Five ways to apply startup thinking in your classroom

Startups are generally considered to be new technology-focused companies less than five years old. For the most part, their aim is to disrupt industry with innovations, grow in terms of users and revenues, as well as to provide value to customers and shareholders.

It may not appear that startups have much in common with English Language Teaching (ELT), but there is, in fact, plenty to learn from startups and the way they work.

By understanding how startups think and looking at their best attributes, we can bring more creativity to our classrooms. Not only can we find new ways for our students to learn, collaborate and grow together, but we can also help our students develop much needed leadership and critical thinking skills.

What is startup thinking?

At its core startup thinking is about problem solving and growth. User-focused and data-driven, startup teams theorize, research, plan and test their products on new markets. Their strength is in their agility, being able to ‘pivot’ quickly; change products, services and technology based on feedback from their customers.

They also operate on a number of key principles, all of which can be applied in the classroom:

1. Be entrepreneurial

Startups are entrepreneurial by definition. Their staff work in teams, but also have no problem going it alone, finding solutions and taking responsibility for new projects and initiatives. These are all excellent traits to encourage in the classroom as they will not only help your learners in an educational context, but in their professional lives too.

By learning to be accountable to themselves, measuring their own progress and seeing their achievements, autonomous learners develop self-confidence and progress faster as a result.

It’s therefore important to encourage students to take responsibility for their own learning. Rather than being solely reliant on their teacher, autonomous learners seek out ways to practice and improve their language skills in ways that appeal to them.

To do this, brainstorm strategies with your students to help them find ways to use English outside the classroom. They could, for example, keep a journal in English, watch English language films and take notes, read short stories or news articles, or even set their technology and social media language settings to English.

2. Collaborate and learn from each other

Startups have a common goal – and that’s to establish a business model and achieve a product-market fit.
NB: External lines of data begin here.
lemma turn_cos_sq_add_turn_sin_sq:
  assumes "t \<in> {a..b}"
  shows "turn_cos t^2 + turn_sin t^2 = 1"
proof -
  have "turn_cos t^2 + turn_sin t^2
      = (fst (g1 t)^2 + snd (g1 t)^2) * (e1^2 + e2^2) / speed t ^ 2"
    by (simp add: turn_cos_def turn_sin_def power_divide add_divide_distrib[symmetric])
       (simp add: algebra_simps power2_eq_square)
  then show ?thesis
    using speed_pos[OF assms] by (simp add: unit_direction speed_sq[symmetric])
qed

lemma turn_cos_a: "turn_cos a = 1"
proof -
  have "turn_cos a = (fst (g1 a)^2 + snd (g1 a)^2) / speed a ^ 2"
    by (simp add: turn_cos_def e1_def e2_def power2_eq_square add_divide_distrib)
  then show ?thesis
    using speed_pos[OF a_in_interval] by (simp add: speed_sq[symmetric])
qed

lemma turn_sin_a: "turn_sin a = 0"
  by (simp add: turn_sin_def e1_def e2_def field_simps)

lemma tangential_offset_a: "tangential_offset a = 0"
  by (simp add: tangential_offset_def)

lemma normal_offset_a: "normal_offset a = 0"
  by (simp add: normal_offset_def)

lemma abs_tangential_offset_le: "t \<in> {a..b} \<Longrightarrow> \<bar>tangential_offset t\<bar> \<le> 2 * h"
  unfolding tangential_offset_def
  by (intro abs_projection_diff_le_in_square[of _ x0 y0] arc_in_square a_in_interval abs_e1_le abs_e2_le)

lemma continuous_on_tangential_offset: "continuous_on {a..b} tangential_offset"
  unfolding tangential_offset_def using continuous_on_g by (intro continuous_intros)

lemma continuous_on_normal_offset: "continuous_on {a..b} normal_offset"
  unfolding normal_offset_def using continuous_on_g by (intro continuous_intros)

lemma continuous_on_turn_cos: "continuous_on {a..b} turn_cos"
  unfolding turn_cos_def speed_def using continuous_on_g1 g1_nonzero
  by (intro continuous_intros) auto

lemma continuous_on_turn_sin: "continuous_on {a..b} turn_sin"
  unfolding turn_sin_def speed_def using continuous_on_g1 g1_nonzero
  by (intro continuous_intros) auto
This goal focuses people’s attention and develops rapport among team members. As an additional benefit of working together, startuppers learn their own strengths and weaknesses and begin to collaborate with team members with complementary skills.

By learning about your students’ interests, objectives and needs, you can find inspiration to design relevant class projects. These give your students a common goal and the chance to collaborate effectively. What’s more, project work is rich in language learning opportunities and makes students accountable to one another. This in turn increases motivation and provides a genuine context for language learning.

3. Reward effort

Startups are not afraid to get things wrong. In fact, all entrepreneurs embrace mistakes, as they are a part of coming to the right solution. As Thomas Edison once said “I have not failed. I’ve just found 10,000 ways that won’t work.”  Some startups go as far as to reward and celebrate failure – saying that it’s a sign that a person is trying to succeed.

Encourage students to see mistakes as learning opportunities. Creating a safe space in the classroom, where everyone is treated respectfully and mistakes are seen as natural. This will help your students let themselves learn the language at their own pace, without fear of ridicule.

4. Foster a growth mindset

Startups are famous for focusing on growth and believing in improving their products. They see both negative and positive feedback as opportunities to grow. By always seeking to optimize their products and services, they improve the user experience and earn loyalty.

Similarly, it’s key to foster a growth mindset in your learners. As Anna Roslaniec stated in her article What it means to have a growth mindset, “…a growth mindset perceives intelligence and ability as attributes to be developed, whereas a fixed mindset sees intelligence and ability as innate and unchanging.”

Students with a growth mindset will therefore believe they can improve, be more motivated and see more progress as a result.

5. Mentor and support

Startup founders mentor and support their team members when they face challenges, when they need to grow and when they are not reaching their potential. This increases the value of the workforce and enables them to be more productive.

Teachers are often already naturals at this. We know how important it is to offer support to our students, especially when they are feeling frustrated or disappointed with their progress. With our encouragement and support our students can achieve things they never thought possible. So perhaps, in this final point, startup leaders could learn a thing or two from us.